• _Extracted records_
(* Let $S$ be a finite subdirectly indecomposable semigroup such that $\llbracket S\rrbracket$ is join irreducible and $S$ is of semisimple type (left letter mapping, right letter mapping, or group mapping). Then $\operatorname{Excl}(S)$ is large, i.e. $\mathbf{1}\mathbin{ⓜ}\operatorname{Excl}(S)=\operatorname{Excl}(S)$.
   Context: All semigroups are finite. A pseudovariety is a class of finite semigroups closed under finite direct products, subsemigroups and homomorphic images; $\llbracket S\rrbracket$ is the pseudovariety generated by $S$; $\mathbf{1}$ is the trivial pseudovariety. A pseudovariety $\mathbf{V}$ is join irreducible if for every set $\mathscr{X}$ of pseudovarieties, $\mathbf{V}\subseteq\bigvee\mathscr{X}$ implies $\mathbf{V}\subseteq\mathbf{X}$ for some $\mathbf{X}\in\mathscr{X}$; $\operatorname{Excl}(S)$ is the class of finite semigroups $T$ with $S\notin\llbracket T\rrbracket$ (a pseudovariety when $\llbracket S\rrbracket$ is join irreducible). The Mal'cev product $\mathbf{V}\mathbin{ⓜ}\mathbf{W}$ is the pseudovariety generated by all finite semigroups $S$ admitting a homomorphism $\varphi\colon S\to T$ with $T\in\mathbf{W}$ and $e\varphi^{-1}\in\mathbf{V}$ for every idempotent $e\in T$. A semigroup $S$ is subdirectly indecomposable if whenever $S$ is a subsemigroup of $S_1\times S_2$ projecting onto both factors, one of the projections is an isomorphism. Such a finite $S$ has a unique $0$-minimal ideal $I$ (the minimal ideal if $S$ has no zero). $S$ is left letter mapping if $S$ acts faithfully on the right of the set of $\mathscr L$-classes of $I$; right letter mapping if $S$ acts faithfully on the left of the set of $\mathscr R$-classes of $I$; group mapping if $I$ contains a nontrivial maximal subgroup and $S$ acts faithfully on both the left and the right of $I$. *)

theory Defs
  imports Main "HOL-Library.Nat_Bijection"
begin

text \<open>Finite semigroups are represented concretely by a carrier set of natural
numbers together with a binary operation (only its values on the carrier matter).
Every finite semigroup is isomorphic to such a structure, and all classes below are
closed under isomorphism, so this loses no generality.\<close>

type_synonym sg = "nat set \<times> (nat \<Rightarrow> nat \<Rightarrow> nat)"

definition sgrp :: "'a set \<Rightarrow> ('a \<Rightarrow> 'a \<Rightarrow> 'a) \<Rightarrow> bool" where
  "sgrp A m \<longleftrightarrow> finite A \<and> A \<noteq> {} \<and> (\<forall>x\<in>A. \<forall>y\<in>A. m x y \<in> A) \<and>
     (\<forall>x\<in>A. \<forall>y\<in>A. \<forall>z\<in>A. m (m x y) z = m x (m y z))"

definition is_sg :: "sg \<Rightarrow> bool" where
  "is_sg S \<longleftrightarrow> sgrp (fst S) (snd S)"

definition hom :: "'a set \<Rightarrow> ('a \<Rightarrow> 'a \<Rightarrow> 'a) \<Rightarrow> 'b set \<Rightarrow> ('b \<Rightarrow> 'b \<Rightarrow> 'b) \<Rightarrow> ('a \<Rightarrow> 'b) \<Rightarrow> bool" where
  "hom A m B n h \<longleftrightarrow> (\<forall>x\<in>A. h x \<in> B) \<and> (\<forall>x\<in>A. \<forall>y\<in>A. h (m x y) = n (h x) (h y))"

definition prod_sg :: "sg \<Rightarrow> sg \<Rightarrow> sg" where
  "prod_sg S T = (prod_encode ` (fst S \<times> fst T),
     (\<lambda>x y. prod_encode (snd S (fst (prod_decode x)) (fst (prod_decode y)),
                          snd T (snd (prod_decode x)) (snd (prod_decode y)))))"

definition pseudovariety :: "sg set \<Rightarrow> bool" where
  "pseudovariety V \<longleftrightarrow>
     V \<noteq> {} \<and> (\<forall>S\<in>V. is_sg S) \<and>
     (\<forall>S\<in>V. \<forall>T\<in>V. prod_sg S T \<in> V) \<and>
     (\<forall>A m B. (A, m) \<in> V \<longrightarrow> B \<subseteq> A \<longrightarrow> sgrp B m \<longrightarrow> (B, m) \<in> V) \<and>
     (\<forall>A m B n h. (A, m) \<in> V \<longrightarrow> sgrp B n \<longrightarrow> hom A m B n h \<longrightarrow> h ` A = B \<longrightarrow> (B, n) \<in> V)"

definition pv_gen :: "sg set \<Rightarrow> sg set" where
  "pv_gen C = \<Inter>{V. pseudovariety V \<and> C \<subseteq> V}"

definition pv_gen1 :: "sg \<Rightarrow> sg set" where
  "pv_gen1 S = pv_gen {S}"

definition pv_join :: "sg set set \<Rightarrow> sg set" where
  "pv_join \<X> = pv_gen (\<Union>\<X>)"

definition join_irreducible :: "sg set \<Rightarrow> bool" where
  "join_irreducible V \<longleftrightarrow>
     (\<forall>\<X>. (\<forall>X\<in>\<X>. pseudovariety X) \<longrightarrow> V \<subseteq> pv_join \<X> \<longrightarrow> (\<exists>X\<in>\<X>. V \<subseteq> X))"

definition triv_pv :: "sg set" where
  "triv_pv = {S. is_sg S \<and> card (fst S) = 1}"

definition Excl :: "sg \<Rightarrow> sg set" where
  "Excl S = {T. is_sg T \<and> S \<notin> pv_gen1 T}"

text \<open>Mal'cev product: generated by all S admitting a homomorphism into some T in W such
that the preimage of each idempotent (when nonempty, i.e. a subsemigroup) lies in V.\<close>
definition malcev :: "sg set \<Rightarrow> sg set \<Rightarrow> sg set" where
  "malcev V W = pv_gen {(A, m). sgrp A m \<and>
      (\<exists>B n \<phi>. (B, n) \<in> W \<and> hom A m B n \<phi> \<and>
         (\<forall>e\<in>B. n e e = e \<longrightarrow> {s\<in>A. \<phi> s = e} \<noteq> {} \<longrightarrow> ({s\<in>A. \<phi> s = e}, m) \<in> V))}"

definition subdirectly_indecomposable :: "nat set \<Rightarrow> (nat \<Rightarrow> nat \<Rightarrow> nat) \<Rightarrow> bool" where
  "subdirectly_indecomposable A m \<longleftrightarrow>
     (\<forall>B1 n1 B2 n2 (f1::nat\<Rightarrow>nat) (f2::nat\<Rightarrow>nat).
        sgrp B1 n1 \<longrightarrow> sgrp B2 n2 \<longrightarrow> hom A m B1 n1 f1 \<longrightarrow> hom A m B2 n2 f2 \<longrightarrow>
        f1 ` A = B1 \<longrightarrow> f2 ` A = B2 \<longrightarrow> inj_on (\<lambda>x. (f1 x, f2 x)) A \<longrightarrow>
        inj_on f1 A \<or> inj_on f2 A)"

definition is_ideal :: "'a set \<Rightarrow> ('a \<Rightarrow> 'a \<Rightarrow> 'a) \<Rightarrow> 'a set \<Rightarrow> bool" where
  "is_ideal A m I \<longleftrightarrow> I \<noteq> {} \<and> I \<subseteq> A \<and> (\<forall>s\<in>A. \<forall>x\<in>I. m s x \<in> I \<and> m x s \<in> I)"

definition is_zero :: "'a set \<Rightarrow> ('a \<Rightarrow> 'a \<Rightarrow> 'a) \<Rightarrow> 'a \<Rightarrow> bool" where
  "is_zero A m z \<longleftrightarrow> z \<in> A \<and> (\<forall>x\<in>A. m z x = z \<and> m x z = z)"

definition minimal_ideal :: "'a set \<Rightarrow> ('a \<Rightarrow> 'a \<Rightarrow> 'a) \<Rightarrow> 'a set \<Rightarrow> bool" where
  "minimal_ideal A m I \<longleftrightarrow> is_ideal A m I \<and> (\<forall>J. is_ideal A m J \<longrightarrow> J \<subseteq> I \<longrightarrow> J = I)"

definition zero_minimal_ideal :: "'a set \<Rightarrow> ('a \<Rightarrow> 'a \<Rightarrow> 'a) \<Rightarrow> 'a \<Rightarrow> 'a set \<Rightarrow> bool" where
  "zero_minimal_ideal A m z I \<longleftrightarrow> is_ideal A m I \<and> I \<noteq> {z} \<and>
     (\<forall>J. is_ideal A m J \<longrightarrow> J \<subseteq> I \<longrightarrow> J = {z} \<or> J = I)"

definition distinguished_ideal :: "'a set \<Rightarrow> ('a \<Rightarrow> 'a \<Rightarrow> 'a) \<Rightarrow> 'a set \<Rightarrow> bool" where
  "distinguished_ideal A m I \<longleftrightarrow>
     (if \<exists>z. is_zero A m z then (\<exists>z. is_zero A m z \<and> zero_minimal_ideal A m z I)
      else minimal_ideal A m I)"

text \<open>Green's relations (S^1 x = S^1 y, x S^1 = y S^1, and H = L meet R).\<close>
definition Lrel :: "'a set \<Rightarrow> ('a \<Rightarrow> 'a \<Rightarrow> 'a) \<Rightarrow> 'a \<Rightarrow> 'a \<Rightarrow> bool" where
  "Lrel A m x y \<longleftrightarrow> x \<in> A \<and> y \<in> A \<and>
     (x = y \<or> (\<exists>u\<in>A. x = m u y)) \<and> (y = x \<or> (\<exists>v\<in>A. y = m v x))"

definition Rrel :: "'a set \<Rightarrow> ('a \<Rightarrow> 'a \<Rightarrow> 'a) \<Rightarrow> 'a \<Rightarrow> 'a \<Rightarrow> bool" where
  "Rrel A m x y \<longleftrightarrow> x \<in> A \<and> y \<in> A \<and>
     (x = y \<or> (\<exists>u\<in>A. x = m y u)) \<and> (y = x \<or> (\<exists>v\<in>A. y = m x v))"

text \<open>S acts faithfully on the right of the set of L-classes of I (the class of x
is sent by s to the class of xs).\<close>
definition left_letter_mapping :: "nat set \<Rightarrow> (nat \<Rightarrow> nat \<Rightarrow> nat) \<Rightarrow> bool" where
  "left_letter_mapping A m \<longleftrightarrow> (\<exists>I. distinguished_ideal A m I \<and>
     (\<forall>s\<in>A. \<forall>t\<in>A. (\<forall>x\<in>I. Lrel A m (m x s) (m x t)) \<longrightarrow> s = t))"

definition right_letter_mapping :: "nat set \<Rightarrow> (nat \<Rightarrow> nat \<Rightarrow> nat) \<Rightarrow> bool" where
  "right_letter_mapping A m \<longleftrightarrow> (\<exists>I. distinguished_ideal A m I \<and>
     (\<forall>s\<in>A. \<forall>t\<in>A. (\<forall>x\<in>I. Rrel A m (m s x) (m t x)) \<longrightarrow> s = t))"

definition is_subgroup :: "'a set \<Rightarrow> ('a \<Rightarrow> 'a \<Rightarrow> 'a) \<Rightarrow> 'a set \<Rightarrow> bool" where
  "is_subgroup A m G \<longleftrightarrow> G \<subseteq> A \<and> G \<noteq> {} \<and> (\<forall>x\<in>G. \<forall>y\<in>G. m x y \<in> G) \<and>
     (\<exists>e\<in>G. \<forall>g\<in>G. m e g = g \<and> m g e = g \<and> (\<exists>h\<in>G. m g h = e \<and> m h g = e))"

• _What you will do_
Within the records above, count each line holding "malcev". Write down only the number.

• _Response for this exercise_
2